### Work order:
Between the line containing "x = ot_objective" and the line containing "using assms(4,5) plan_nonneg" lies a run of lines; give that run again exactly, with both of those lines, and nothing else from the entries below.

### Data:
(* Let $\mu\in\mathbb{R}^N$, $\nu\in\mathbb{R}^M$ be nonnegative vectors with $\sum_i\mu_i=\sum_j\nu_j$, let $c\in\mathbb{R}^{N\times M}$ and $\gamma>0$. Define the map $T:(\alpha,\beta)\mapsto(\alpha',\beta')$ on $\mathbb{R}^N\times\mathbb{R}^M$ by \[ \pi_{ij}=\tfrac1\gamma(\alpha_i+\beta_j-c_{ij})_+,\quad f_i=-\gamma\Bigl(\sum_j\pi_{ij}-\mu_i\Bigr),\quad g_j=-\gamma\Bigl(\sum_i\pi_{ij}-\nu_j\Bigr), \] \[ \alpha'_i=\alpha_i+\tfrac1M\Bigl(f_i-\tfrac{1}{2N}\textstyle\sum_{k}f_k\Bigr),\qquad \beta'_j=\beta_j+\tfrac1N\Bigl(g_j-\tfrac{1}{2M}\textstyle\sum_{l}g_l\Bigr). \] If $(\alpha,\beta)$ is a fixed point of $T$, then the matrix $\pi=(\alpha\oplus\beta-c)_+/\gamma$ is an optimal solution of \[ \min\Bigl\{\sum_{i,j}c_{ij}\pi_{ij}+\tfrac\gamma2\|\pi\|_2^2:\ \pi\in\mathbb{R}^{N\times M},\ \pi\ge0,\ \pi\mathbf 1=\mu,\ \pi^T\mathbf 1=\nu\Bigr\}. \]
   Context: $(\alpha\oplus\beta)_{ij}:=\alpha_i+\beta_j$, $t_+=\max(t,0)$ applied entrywise, $\|\pi\|_2$ is the Frobenius norm, $\mathbf 1$ is the all-ones vector of appropriate size, and $\pi\ge 0$ is meant entrywise. *)

theory Defs
  imports "HOL-Analysis.Analysis"
begin

text \<open>Vectors in R^N, R^M are indexed by finite types 'n, 'm (N = CARD('n), M = CARD('m));
matrices in R^(N x M) are real^'m^'n, with pi $ i $ j the (i,j) entry.\<close>

definition pos_part :: "real \<Rightarrow> real" where
  "pos_part t = max t 0"

definition plan :: "real \<Rightarrow> real^'m^'n \<Rightarrow> real^'n \<Rightarrow> real^'m \<Rightarrow> real^'m^'n" where
  "plan \<gamma> c \<alpha> \<beta> = (\<chi> i j. pos_part (\<alpha> $ i + \<beta> $ j - c $ i $ j) / \<gamma>)"

definition T_map :: "real^'n \<Rightarrow> real^'m \<Rightarrow> real^'m^'n \<Rightarrow> real
    \<Rightarrow> (real^'n) \<times> (real^'m) \<Rightarrow> (real^'n) \<times> (real^'m)" where
  "T_map \<mu> \<nu> c \<gamma> ab =
     (let \<alpha> = fst ab; \<beta> = snd ab;
          \<pi> = plan \<gamma> c \<alpha> \<beta>;
          N = real CARD('n); M = real CARD('m);
          f = (\<lambda>i. - \<gamma> * ((\<Sum>j\<in>UNIV. \<pi> $ i $ j) - \<mu> $ i));
          g = (\<lambda>j. - \<gamma> * ((\<Sum>i\<in>UNIV. \<pi> $ i $ j) - \<nu> $ j))
      in ((\<chi> i. \<alpha> $ i + (1 / M) * (f i - (1 / (2 * N)) * (\<Sum>k\<in>UNIV. f k))),
          (\<chi> j. \<beta> $ j + (1 / N) * (g j - (1 / (2 * M)) * (\<Sum>l\<in>UNIV. g l)))))"

definition ot_objective :: "real^'m^'n \<Rightarrow> real \<Rightarrow> real^'m^'n \<Rightarrow> real" where
  "ot_objective c \<gamma> \<pi> =
     (\<Sum>i\<in>UNIV. \<Sum>j\<in>UNIV. c $ i $ j * \<pi> $ i $ j) + (\<gamma> / 2) * (norm \<pi>)\<^sup>2"

definition feasible :: "real^'n \<Rightarrow> real^'m \<Rightarrow> real^'m^'n \<Rightarrow> bool" where
  "feasible \<mu> \<nu> \<pi> \<longleftrightarrow>
     (\<forall>i j. \<pi> $ i $ j \<ge> 0) \<and>
     (\<forall>i. (\<Sum>j\<in>UNIV. \<pi> $ i $ j) = \<mu> $ i) \<and>
     (\<forall>j. (\<Sum>i\<in>UNIV. \<pi> $ i $ j) = \<nu> $ j)"

definition optimal :: "real^'n \<Rightarrow> real^'m \<Rightarrow> real^'m^'n \<Rightarrow> real \<Rightarrow> real^'m^'n \<Rightarrow> bool" where
  "optimal \<mu> \<nu> c \<gamma> \<pi> \<longleftrightarrow>
     feasible \<mu> \<nu> \<pi> \<and> (\<forall>\<sigma>. feasible \<mu> \<nu> \<sigma> \<longrightarrow> ot_objective c \<gamma> \<pi> \<le> ot_objective c \<gamma> \<sigma>)"

end

theory Submission
  imports Defs
begin

text \<open>At a fixed point of T the updates vanish; since every entry of f equals half the mean of f,
  f = 0, i.e. the plan has marginals \<mu> and \<nu>. The duals \<alpha>, \<beta> then certify optimality:
  c + \<gamma>\<pi> \<ge> \<alpha> \<oplus> \<beta> with equality on the support of \<pi> (the KKT conditions of the strongly
  convex problem), and the pairing of \<alpha> \<oplus> \<beta> with a feasible plan depends only on \<mu> and \<nu>.\<close>

lemma eq_half_mean_imp_zero:
  fixes f :: "'a::finite \<Rightarrow> 'b::linordered_field"
  assumes "\<And>k. f k - (1 / (2 * of_nat CARD('a))) * (\<Sum>l\<in>UNIV. f l) = 0"
  shows "f i = 0"
proof -
  define S where "S = (\<Sum>l\<in>UNIV. f l)"
  have f_eq: "f k = S / (2 * of_nat CARD('a))" for k
    using assms[of k] by (simp add: S_def)
  have "S = (\<Sum>l\<in>UNIV. f l)"
    by (simp add: S_def)
  also have "\<dots> = S / 2"
    by (simp add: f_eq)
  finally have "S = 0"
    by linarith
  then show ?thesis
    using f_eq by simp
qed

lemma T_map_fixed_point_marginals:
  fixes \<mu> \<alpha> :: "real^'n" and \<nu> \<beta> :: "real^'m" and c :: "real^'m^'n"
  assumes "\<gamma> \<noteq> 0" and "T_map \<mu> \<nu> c \<gamma> (\<alpha>, \<beta>) = (\<alpha>, \<beta>)"
  shows "(\<Sum>j\<in>UNIV. plan \<gamma> c \<alpha> \<beta> $ i $ j) = \<mu> $ i"
    and "(\<Sum>i\<in>UNIV. plan \<gamma> c \<alpha> \<beta> $ i $ j) = \<nu> $ j"
proof -
  define \<pi> where "\<pi> = plan \<gamma> c \<alpha> \<beta>"
  define f where "f = (\<lambda>i. - \<gamma> * ((\<Sum>j\<in>UNIV. \<pi> $ i $ j) - \<mu> $ i))"
  define g where "g = (\<lambda>j. - \<gamma> * ((\<Sum>i\<in>UNIV. \<pi> $ i $ j) - \<nu> $ j))"
  define df where "df i = (1 / real CARD('m)) * (f i - (1 / (2 * real CARD('n))) * (\<Sum>k\<in>UNIV. f k))" for i
  define dg where "dg j = (1 / real CARD('n)) * (g j - (1 / (2 * real CARD('m))) * (\<Sum>l\<in>UNIV. g l))" for j
  have "T_map \<mu> \<nu> c \<gamma> (\<alpha>, \<beta>) = ((\<chi> i. \<alpha> $ i + df i), (\<chi> j. \<beta> $ j + dg j))"
    unfolding T_map_def Let_def f_def g_def \<pi>_def df_def dg_def by (simp only: fst_conv snd_conv)
  then have "(\<chi> i. \<alpha> $ i + df i) = \<alpha>" and "(\<chi> j. \<beta> $ j + dg j) = \<beta>"
    unfolding assms(2) by simp_all
  then have df_zero: "df i = 0" and dg_zero: "dg j = 0" for i j
    by (metis add_cancel_left_right vec_lambda_beta)+
  have "f i - (1 / (2 * real CARD('n))) * (\<Sum>k\<in>UNIV. f k) = 0"
    and "g j - (1 / (2 * real CARD('m))) * (\<Sum>l\<in>UNIV. g l) = 0" for i j
    using df_zero[of i] dg_zero[of j] unfolding df_def dg_def by simp_all
  then have "f i = 0" and "g j = 0"
    by (blast intro: eq_half_mean_imp_zero)+
  then show "(\<Sum>j\<in>UNIV. plan \<gamma> c \<alpha> \<beta> $ i $ j) = \<mu> $ i"
    and "(\<Sum>i\<in>UNIV. plan \<gamma> c \<alpha> \<beta> $ i $ j) = \<nu> $ j"
    using assms(1) by (simp_all add: f_def g_def \<pi>_def)
qed

lemma plan_nonneg:
  assumes "\<gamma> > 0"
  shows "plan \<gamma> c \<alpha> \<beta> $ i $ j \<ge> 0"
  using assms by (simp add: plan_def pos_part_def)

lemma plan_dual_feasible:
  assumes "\<gamma> > 0"
  shows "\<alpha> $ i + \<beta> $ j \<le> c $ i $ j + \<gamma> * plan \<gamma> c \<alpha> \<beta> $ i $ j"
  using assms by (simp add: plan_def pos_part_def)

lemma plan_complementary_slackness:
  assumes "\<gamma> > 0"
  shows "(c $ i $ j + \<gamma> * plan \<gamma> c \<alpha> \<beta> $ i $ j - (\<alpha> $ i + \<beta> $ j)) * plan \<gamma> c \<alpha> \<beta> $ i $ j = 0"
  using assms by (simp add: plan_def pos_part_def max_def)

text \<open>Pointwise form of the KKT argument: \<open>t \<mapsto> c t + g/2 t\<^sup>2 - a t\<close> is convex with
  derivative \<open>c + g p - a\<close> at p, which is \<open>\<ge> 0\<close> and vanishes unless \<open>p = 0\<close>.\<close>
lemma quadratic_cost_le_of_slackness:
  fixes c g a p s :: real
  assumes "g \<ge> 0" and "s \<ge> 0" and "a \<le> c + g * p" and "(c + g * p - a) * p = 0"
  shows "c * p + g / 2 * p\<^sup>2 - a * p \<le> c * s + g / 2 * s\<^sup>2 - a * s"
proof -
  have "c * s + g / 2 * s\<^sup>2 - a * s - (c * p + g / 2 * p\<^sup>2 - a * p)
      = (c + g * p - a) * s - (c + g * p - a) * p + g / 2 * (s - p)\<^sup>2"
    by (simp add: algebra_simps power2_eq_square)
  moreover have "(c + g * p - a) * s \<ge> 0"
    using assms(2,3) by simp
  moreover have "g / 2 * (s - p)\<^sup>2 \<ge> 0"
    using assms(1) by simp
  ultimately show ?thesis
    using assms(4) by linarith
qed

lemma dual_pairing_feasible:
  assumes "feasible \<mu> \<nu> \<pi>"
  shows "(\<Sum>i\<in>UNIV. \<Sum>j\<in>UNIV. (\<alpha> $ i + \<beta> $ j) * \<pi> $ i $ j)
       = (\<Sum>i\<in>UNIV. \<alpha> $ i * \<mu> $ i) + (\<Sum>j\<in>UNIV. \<beta> $ j * \<nu> $ j)"
proof -
  have "(\<Sum>i\<in>UNIV. \<Sum>j\<in>UNIV. (\<alpha> $ i + \<beta> $ j) * \<pi> $ i $ j)
      = (\<Sum>i\<in>UNIV. \<alpha> $ i * (\<Sum>j\<in>UNIV. \<pi> $ i $ j)) + (\<Sum>i\<in>UNIV. \<Sum>j\<in>UNIV. \<beta> $ j * \<pi> $ i $ j)"
    by (simp add: distrib_right sum.distrib sum_distrib_left)
  also have "(\<Sum>i\<in>UNIV. \<Sum>j\<in>UNIV. \<beta> $ j * \<pi> $ i $ j) = (\<Sum>j\<in>UNIV. \<beta> $ j * (\<Sum>i\<in>UNIV. \<pi> $ i $ j))"
    by (subst sum.swap) (simp add: sum_distrib_left)
  finally show ?thesis
    using assms by (simp add: feasible_def)
qed

lemma norm_matrix_squared: "(norm (x :: real^'m^'n))\<^sup>2 = (\<Sum>i\<in>UNIV. \<Sum>j\<in>UNIV. (x $ i $ j)\<^sup>2)"
  unfolding power2_norm_eq_inner by (simp add: inner_vec_def power2_eq_square)

lemma optimal_of_dual_certificate:
  fixes \<pi> c :: "real^'m^'n" and \<alpha> \<mu> :: "real^'n" and \<beta> \<nu> :: "real^'m"
  assumes "\<gamma> \<ge> 0" and "feasible \<mu> \<nu> \<pi>"
    and dual: "\<And>i j. \<alpha> $ i + \<beta> $ j \<le> c $ i $ j + \<gamma> * \<pi> $ i $ j"
    and slack: "\<And>i j. (c $ i $ j + \<gamma> * \<pi> $ i $ j - (\<alpha> $ i + \<beta> $ j)) * \<pi> $ i $ j = 0"
  shows "optimal \<mu> \<nu> c \<gamma> \<pi>"
  unfolding optimal_def
proof (intro conjI allI impI)
  fix \<sigma> assume \<sigma>: "feasible \<mu> \<nu> \<sigma>"
  let ?L = "\<lambda>x :: real^'m^'n. \<Sum>i\<in>UNIV. \<Sum>j\<in>UNIV.
             c $ i $ j * x $ i $ j + \<gamma> / 2 * (x $ i $ j)\<^sup>2 - (\<alpha> $ i + \<beta> $ j) * x $ i $ j"
  have L_eq: "?L x = ot_objective c \<gamma> x - ((\<Sum>i\<in>UNIV. \<alpha> $ i * \<mu> $ i) + (\<Sum>j\<in>UNIV. \<beta> $ j * \<nu> $ j))"
    if "feasible \<mu> \<nu> x" for x
    by (simp add: ot_objective_def norm_matrix_squared sum_subtractf sum.distrib
        sum_distrib_left dual_pairing_feasible[OF that, symmetric])
  have "?L \<pi> \<le> ?L \<sigma>"
    using \<sigma> assms(1) dual slack
    by (intro sum_mono quadratic_cost_le_of_slackness) (auto simp: feasible_def)
  then show "ot_objective c \<gamma> \<pi> \<le> ot_objective c \<gamma> \<sigma>"
    using L_eq[OF assms(2)] L_eq[OF \<sigma>] by simp
qed (use assms(2) in simp)

theorem mainTheorem9:
  fixes \<mu> :: "real^'n" and \<nu> :: "real^'m" and c :: "real^'m^'n"
    and \<gamma> :: real and \<alpha> :: "real^'n" and \<beta> :: "real^'m"
  assumes "\<forall>i. \<mu> $ i \<ge> 0" and "\<forall>j. \<nu> $ j \<ge> 0"
    and "(\<Sum>i\<in>UNIV. \<mu> $ i) = (\<Sum>j\<in>UNIV. \<nu> $ j)"
    and "\<gamma> > 0"
    and "T_map \<mu> \<nu> c \<gamma> (\<alpha>, \<beta>) = (\<alpha>, \<beta>)"
  shows "optimal \<mu> \<nu> c \<gamma> (plan \<gamma> c \<alpha> \<beta>)"
proof (rule optimal_of_dual_certificate[where \<alpha> = \<alpha> and \<beta> = \<beta>])
  show "feasible \<mu> \<nu> (plan \<gamma> c \<alpha> \<beta>)"
    using assms(4,5) plan_nonneg T_map_fixed_point_marginals
    unfolding feasible_def by (metis less_irrefl)
qed (use assms(4) in \<open>simp_all only: less_imp_le plan_dual_feasible plan_complementary_slackness\<close>)

end
definition graph_iso :: "'a graph \<Rightarrow> 'b graph \<Rightarrow> bool" where
  "graph_iso G H \<longleftrightarrow> (\<exists>f. bij_betw f (verts G) (verts H) \<and>
     (\<forall>u\<in>verts G. \<forall>v\<in>verts G. adj G u v \<longleftrightarrow> adj H (f u) (f v)))"

definition extremal_graph :: "nat \<Rightarrow> nat \<Rightarrow> nat \<Rightarrow> (nat + (nat + nat)) graph" where
  "extremal_graph n k s =
     graph_join (complete_graph s) (disj_union (complete_graph (k - s)) (edgeless_graph (n - k)))"

end

theory Submission
  imports Defs
begin

text \<open>
  A vertex has eccentricity 1 exactly when it is universal. If \<open>G\<close> has \<open>t \<ge> 1\<close> universal
  vertices \<open>U\<close>, all other vertices have eccentricity 2, so
  \<open>\<sigma>\<^sub>2(G) = t(t - 1)/2 + 2t(n - t) + 4 |E(G - U)|\<close>. A clique on \<open>k\<close> vertices, respectively a
  \<open>k\<close>-chromatic graph, leaves in \<open>G - U\<close> at least \<open>k - t\<close> vertices inducing minimum degree
  \<open>k - t - 1\<close> (a clique, respectively a critical subgraph), hence \<open>2 |E(G - U)| \<ge> (k - t)(k - t - 1)\<close>,
  with equality only if the edges of \<open>G - U\<close> form a single \<open>K\<^bsub>k-t\<^esub>\<close>, i.e. \<open>G\<close> is the extremal
  graph for \<open>s = t\<close>. Without universal vertices every eccentricity is at least 2, which gives a
  bound above the value for \<open>t = 1\<close>. What remains is to minimise the resulting convex quadratic
  in \<open>t\<close> over \<open>1 \<le> t \<le> k - 1\<close>; its vertex \<open>t = 4k - 2n - 3/2\<close> produces the three cases.
\<close>

definition universal_verts :: "'a graph \<Rightarrow> 'a set" where
  "universal_verts G = {u \<in> verts G. \<forall>v\<in>verts G. v \<noteq> u \<longrightarrow> adj G u v}"

definition nbhd :: "'a graph \<Rightarrow> 'a set \<Rightarrow> 'a \<Rightarrow> 'a set" where
  "nbhd G S u = {v \<in> S. adj G u v}"

text \<open>\<open>degree_sum G S\<close> is twice the number of edges of the subgraph induced by \<open>S\<close>.\<close>
definition degree_sum :: "'a graph \<Rightarrow> 'a set \<Rightarrow> nat" where
  "degree_sum G S = (\<Sum>u\<in>S. card (nbhd G S u))"

definition colorable :: "'a graph \<Rightarrow> 'a set \<Rightarrow> nat \<Rightarrow> bool" where
  "colorable G S q \<longleftrightarrow>
     (\<exists>c. (\<forall>v\<in>S. c v < q) \<and> (\<forall>u\<in>S. \<forall>v\<in>S. adj G u v \<longrightarrow> c u \<noteq> c v))"

section \<open>The quadratic bound\<close>

text \<open>For \<open>1 \<le> t < k < n\<close> this is \<open>\<sigma>\<^sub>2\<close> of \<open>extremal_graph n k t\<close>: its \<open>t\<close> universal vertices
  have eccentricity 1 and all other vertices eccentricity 2.\<close>
definition join_sigma2 :: "nat \<Rightarrow> nat \<Rightarrow> nat \<Rightarrow> real" where
  "join_sigma2 n k t = real t * (real t - 1) / 2 + 2 * real t * (real n - real t)
     + 2 * (real k - real t) * (real k - real t - 1)"

lemma join_sigma2_expand:
  "join_sigma2 n k t = real t ^ 2 / 2 + (2 * real n - 4 * real k + 3 / 2) * real t
     + 2 * real k ^ 2 - 2 * real k"
  by (simp add: join_sigma2_def power2_eq_square field_simps)

lemma join_sigma2_min_small_k:
  assumes k: "2 * k \<le> n + 1" and t: "1 \<le> t"
  shows "2 * real n + 2 * real k ^ 2 - 6 * real k + 2 \<le> join_sigma2 n k t"
    and "join_sigma2 n k t = 2 * real n + 2 * real k ^ 2 - 6 * real k + 2 \<longleftrightarrow> t = 1"
proof -
  have pos: "0 < real t + 4 * real n - 8 * real k + 4" using k t by linarith
  have "join_sigma2 n k t - (2 * real n + 2 * real k ^ 2 - 6 * real k + 2)
      = (real t - 1) * (real t + 4 * real n - 8 * real k + 4) / 2"
    by (simp add: join_sigma2_expand power2_eq_square field_simps)
  moreover have "0 \<le> (real t - 1) * (real t + 4 * real n - 8 * real k + 4)"
    using pos t by simp
  ultimately show "2 * real n + 2 * real k ^ 2 - 6 * real k + 2 \<le> join_sigma2 n k t"
    and "join_sigma2 n k t = 2 * real n + 2 * real k ^ 2 - 6 * real k + 2 \<longleftrightarrow> t = 1"
    using pos by auto
qed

### Your response:
  have L_eq: "?L x = ot_objective c \<gamma> x - ((\<Sum>i\<in>UNIV. \<alpha> $ i * \<mu> $ i) + (\<Sum>j\<in>UNIV. \<beta> $ j * \<nu> $ j))"
    if "feasible \<mu> \<nu> x" for x
    by (simp add: ot_objective_def norm_matrix_squared sum_subtractf sum.distrib
        sum_distrib_left dual_pairing_feasible[OF that, symmetric])
  have "?L \<pi> \<le> ?L \<sigma>"
    using \<sigma> assms(1) dual slack
    by (intro sum_mono quadratic_cost_le_of_slackness) (auto simp: feasible_def)
  then show "ot_objective c \<gamma> \<pi> \<le> ot_objective c \<gamma> \<sigma>"
    using L_eq[OF assms(2)] L_eq[OF \<sigma>] by simp
qed (use assms(2) in simp)

theorem mainTheorem9:
  fixes \<mu> :: "real^'n" and \<nu> :: "real^'m" and c :: "real^'m^'n"
    and \<gamma> :: real and \<alpha> :: "real^'n" and \<beta> :: "real^'m"
  assumes "\<forall>i. \<mu> $ i \<ge> 0" and "\<forall>j. \<nu> $ j \<ge> 0"
    and "(\<Sum>i\<in>UNIV. \<mu> $ i) = (\<Sum>j\<in>UNIV. \<nu> $ j)"
    and "\<gamma> > 0"
    and "T_map \<mu> \<nu> c \<gamma> (\<alpha>, \<beta>) = (\<alpha>, \<beta>)"
  shows "optimal \<mu> \<nu> c \<gamma> (plan \<gamma> c \<alpha> \<beta>)"
proof (rule optimal_of_dual_certificate[where \<alpha> = \<alpha> and \<beta> = \<beta>])
  show "feasible \<mu> \<nu> (plan \<gamma> c \<alpha> \<beta>)"
    using assms(4,5) plan_nonneg T_map_fixed_point_marginals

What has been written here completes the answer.